◆ Instructions to follow ◆
The data that follows should be copied out exactly.

▼

(* Let $n\in\mathbb{N}$, $H\in\mathbb{R}^{n\times n}$, $W\succ 0$ in $\mathbb{R}^{n\times n}$, and $C=\mathrm{diag}(C_{11},\dots,C_{nn})$ diagonal with all $C_{ii}\ne 0$; assume $(H,C)$ observable and $(H,D)$ controllable where $W=DD^T$. Let $\Delta>0$ (the $\ell_2$-sensitivity $\Delta_{\ell_2}y$), let $\delta\in[10^{-5},10^{-1}]$, let $\epsilon>0$, and set $$\sigma=\frac{\Delta}{2\epsilon}\Big(K_\delta+\sqrt{K_\delta^2+2\epsilon}\Big),\qquad K_\delta:=\mathcal Q^{-1}(\delta),$$ and $V=\sigma^2 I_n$. Let $\Sigma$ be the unique positive semidefinite solution of $\Sigma = H\Sigma H^T - H\Sigma C^T(C\Sigma C^T+V)^{-1}C\Sigma H^T + W$ and $\overline\Sigma:=(C^TV^{-1}C+\Sigma^{-1})^{-1}$. Let $B_l,B_u$ satisfy $0<B_l<n\,\lambda_n(W)$ and $B_u>0$, and define $$\eta_2:=\left(\frac{B_l\,C_u^2}{\Delta^2\big(n-B_l\lambda_n(W)^{-1}\big)}\right)^{1/2},\qquad \eta_4:=\left(\frac{B_u\,C_l^2}{n\,\Delta^2}\right)^{1/2}.$$ If $$\frac18\left(\frac{1+\sqrt{36\eta_4+1}}{\eta_4}\right)^2\le\epsilon,$$ then $\mathrm{tr}\,\overline\Sigma\le B_u$; and if $\epsilon\le 1/\eta_2$, then $\mathrm{tr}\,\overline\Sigma\ge B_l$. In particular, if both inequalities on $\epsilon$ hold, then $B_l\le\mathrm{tr}\,\overline\Sigma\le B_u$.
   Context: $\mathcal Q(y)=\frac{1}{\sqrt{2\pi}}\int_y^\infty e^{-z^2/2}\,dz$ is the Gaussian tail function and $\mathcal Q^{-1}$ its inverse. The noise level $\sigma$ is the Gaussian-mechanism noise giving $(\epsilon,\delta)$-differential privacy of the state trajectory when $\Delta$ is the sensitivity $\Delta_{\ell_2}y=\sup\{\|Cx-Cx'\|_{\ell_2}:\|x-x'\|_{\ell_2}\le B\}$; for the claim, $\Delta$ may be any positive constant. $\mathrm{tr}\,\overline\Sigma$ is the steady-state mean squared a posteriori (estimation) error of the Kalman filter. $\lambda_n(W)$ is the smallest eigenvalue of $W$. $C_l:=C_{ll}$ with $l=\arg\min_i C_{ii}^2$ and $C_u:=C_{uu}$ with $u=\arg\max_i C_{ii}^2$. *)

theory Defs
  imports "HOL-Analysis.Analysis"
begin

definition Qfun :: "real \<Rightarrow> real" where
  "Qfun y = (1 / sqrt (2 * pi)) * integral {y..} (\<lambda>z. exp (- (z^2) / 2))"

definition Qinv :: "real \<Rightarrow> real" where
  "Qinv d = (THE y. Qfun y = d)"

fun matpow :: "real^'n^'n \<Rightarrow> nat \<Rightarrow> real^'n^'n" where
  "matpow H 0 = mat 1"
| "matpow H (Suc k) = H ** matpow H k"

definition psd :: "real^'n^'n \<Rightarrow> bool" where
  "psd M \<longleftrightarrow> transpose M = M \<and> (\<forall>x. 0 \<le> x \<bullet> (M *v x))"

definition pd :: "real^'n^'n \<Rightarrow> bool" where
  "pd M \<longleftrightarrow> transpose M = M \<and> (\<forall>x. x \<noteq> 0 \<longrightarrow> 0 < x \<bullet> (M *v x))"

definition lambda_min :: "real^'n^'n \<Rightarrow> real" where
  "lambda_min W = Min {l. \<exists>v. v \<noteq> 0 \<and> W *v v = l *\<^sub>R v}"

text \<open>Observability of (H,C): the observability matrix
  [C; C H; ...; C H^(n-1)] (n = CARD('n)) has full column rank n,
  i.e. its kernel is trivial.\<close>
definition observable :: "real^'n^'n \<Rightarrow> real^'n^'p \<Rightarrow> bool" where
  "observable H C \<longleftrightarrow>
     (\<forall>x. (\<forall>k<CARD('n). (C ** matpow H k) *v x = 0) \<longrightarrow> x = 0)"

text \<open>Controllability of (H,D): the controllability matrix
  [D, H D, ..., H^(n-1) D] has full row rank n, i.e. its columns span R^n.\<close>
definition controllable :: "real^'n^'n \<Rightarrow> real^'m^'n \<Rightarrow> bool" where
  "controllable H D \<longleftrightarrow>
     span (\<Union>k\<in>{..<CARD('n)}. range (\<lambda>u. (matpow H k ** D) *v u)) = UNIV"

definition diagonal_mat :: "real^'n^'n \<Rightarrow> bool" where
  "diagonal_mat C \<longleftrightarrow> (\<forall>i j. i \<noteq> j \<longrightarrow> C $ i $ j = 0)"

▲

◆ Response to this exercise ◆
(* Let $n\in\mathbb{N}$, $H\in\mathbb{R}^{n\times n}$, $W\succ 0$ in $\mathbb{R}^{n\times n}$, and $C=\mathrm{diag}(C_{11},\dots,C_{nn})$ diagonal with all $C_{ii}\ne 0$; assume $(H,C)$ observable and $(H,D)$ controllable where $W=DD^T$. Let $\Delta>0$ (the $\ell_2$-sensitivity $\Delta_{\ell_2}y$), let $\delta\in[10^{-5},10^{-1}]$, let $\epsilon>0$, and set $$\sigma=\frac{\Delta}{2\epsilon}\Big(K_\delta+\sqrt{K_\delta^2+2\epsilon}\Big),\qquad K_\delta:=\mathcal Q^{-1}(\delta),$$ and $V=\sigma^2 I_n$. Let $\Sigma$ be the unique positive semidefinite solution of $\Sigma = H\Sigma H^T - H\Sigma C^T(C\Sigma C^T+V)^{-1}C\Sigma H^T + W$ and $\overline\Sigma:=(C^TV^{-1}C+\Sigma^{-1})^{-1}$. Let $B_l,B_u$ satisfy $0<B_l<n\,\lambda_n(W)$ and $B_u>0$, and define $$\eta_2:=\left(\frac{B_l\,C_u^2}{\Delta^2\big(n-B_l\lambda_n(W)^{-1}\big)}\right)^{1/2},\qquad \eta_4:=\left(\frac{B_u\,C_l^2}{n\,\Delta^2}\right)^{1/2}.$$ If $$\frac18\left(\frac{1+\sqrt{36\eta_4+1}}{\eta_4}\right)^2\le\epsilon,$$ then $\mathrm{tr}\,\overline\Sigma\le B_u$; and if $\epsilon\le 1/\eta_2$, then $\mathrm{tr}\,\overline\Sigma\ge B_l$. In particular, if both inequalities on $\epsilon$ hold, then $B_l\le\mathrm{tr}\,\overline\Sigma\le B_u$.
   Context: $\mathcal Q(y)=\frac{1}{\sqrt{2\pi}}\int_y^\infty e^{-z^2/2}\,dz$ is the Gaussian tail function and $\mathcal Q^{-1}$ its inverse. The noise level $\sigma$ is the Gaussian-mechanism noise giving $(\epsilon,\delta)$-differential privacy of the state trajectory when $\Delta$ is the sensitivity $\Delta_{\ell_2}y=\sup\{\|Cx-Cx'\|_{\ell_2}:\|x-x'\|_{\ell_2}\le B\}$; for the claim, $\Delta$ may be any positive constant. $\mathrm{tr}\,\overline\Sigma$ is the steady-state mean squared a posteriori (estimation) error of the Kalman filter. $\lambda_n(W)$ is the smallest eigenvalue of $W$. $C_l:=C_{ll}$ with $l=\arg\min_i C_{ii}^2$ and $C_u:=C_{uu}$ with $u=\arg\max_i C_{ii}^2$. *)

theory Defs
  imports "HOL-Analysis.Analysis"
begin

definition Qfun :: "real \<Rightarrow> real" where
  "Qfun y = (1 / sqrt (2 * pi)) * integral {y..} (\<lambda>z. exp (- (z^2) / 2))"

definition Qinv :: "real \<Rightarrow> real" where
  "Qinv d = (THE y. Qfun y = d)"

fun matpow :: "real^'n^'n \<Rightarrow> nat \<Rightarrow> real^'n^'n" where
  "matpow H 0 = mat 1"
| "matpow H (Suc k) = H ** matpow H k"

definition psd :: "real^'n^'n \<Rightarrow> bool" where
  "psd M \<longleftrightarrow> transpose M = M \<and> (\<forall>x. 0 \<le> x \<bullet> (M *v x))"

definition pd :: "real^'n^'n \<Rightarrow> bool" where
  "pd M \<longleftrightarrow> transpose M = M \<and> (\<forall>x. x \<noteq> 0 \<longrightarrow> 0 < x \<bullet> (M *v x))"

definition lambda_min :: "real^'n^'n \<Rightarrow> real" where
  "lambda_min W = Min {l. \<exists>v. v \<noteq> 0 \<and> W *v v = l *\<^sub>R v}"

text \<open>Observability of (H,C): the observability matrix
  [C; C H; ...; C H^(n-1)] (n = CARD('n)) has full column rank n,
  i.e. its kernel is trivial.\<close>
definition observable :: "real^'n^'n \<Rightarrow> real^'n^'p \<Rightarrow> bool" where
  "observable H C \<longleftrightarrow>
     (\<forall>x. (\<forall>k<CARD('n). (C ** matpow H k) *v x = 0) \<longrightarrow> x = 0)"

text \<open>Controllability of (H,D): the controllability matrix
  [D, H D, ..., H^(n-1) D] has full row rank n, i.e. its columns span R^n.\<close>
definition controllable :: "real^'n^'n \<Rightarrow> real^'m^'n \<Rightarrow> bool" where
  "controllable H D \<longleftrightarrow>
     span (\<Union>k\<in>{..<CARD('n)}. range (\<lambda>u. (matpow H k ** D) *v u)) = UNIV"

definition diagonal_mat :: "real^'n^'n \<Rightarrow> bool" where
  "diagonal_mat C \<longleftrightarrow> (\<forall>i j. i \<noteq> j \<longrightarrow> C $ i $ j = 0)"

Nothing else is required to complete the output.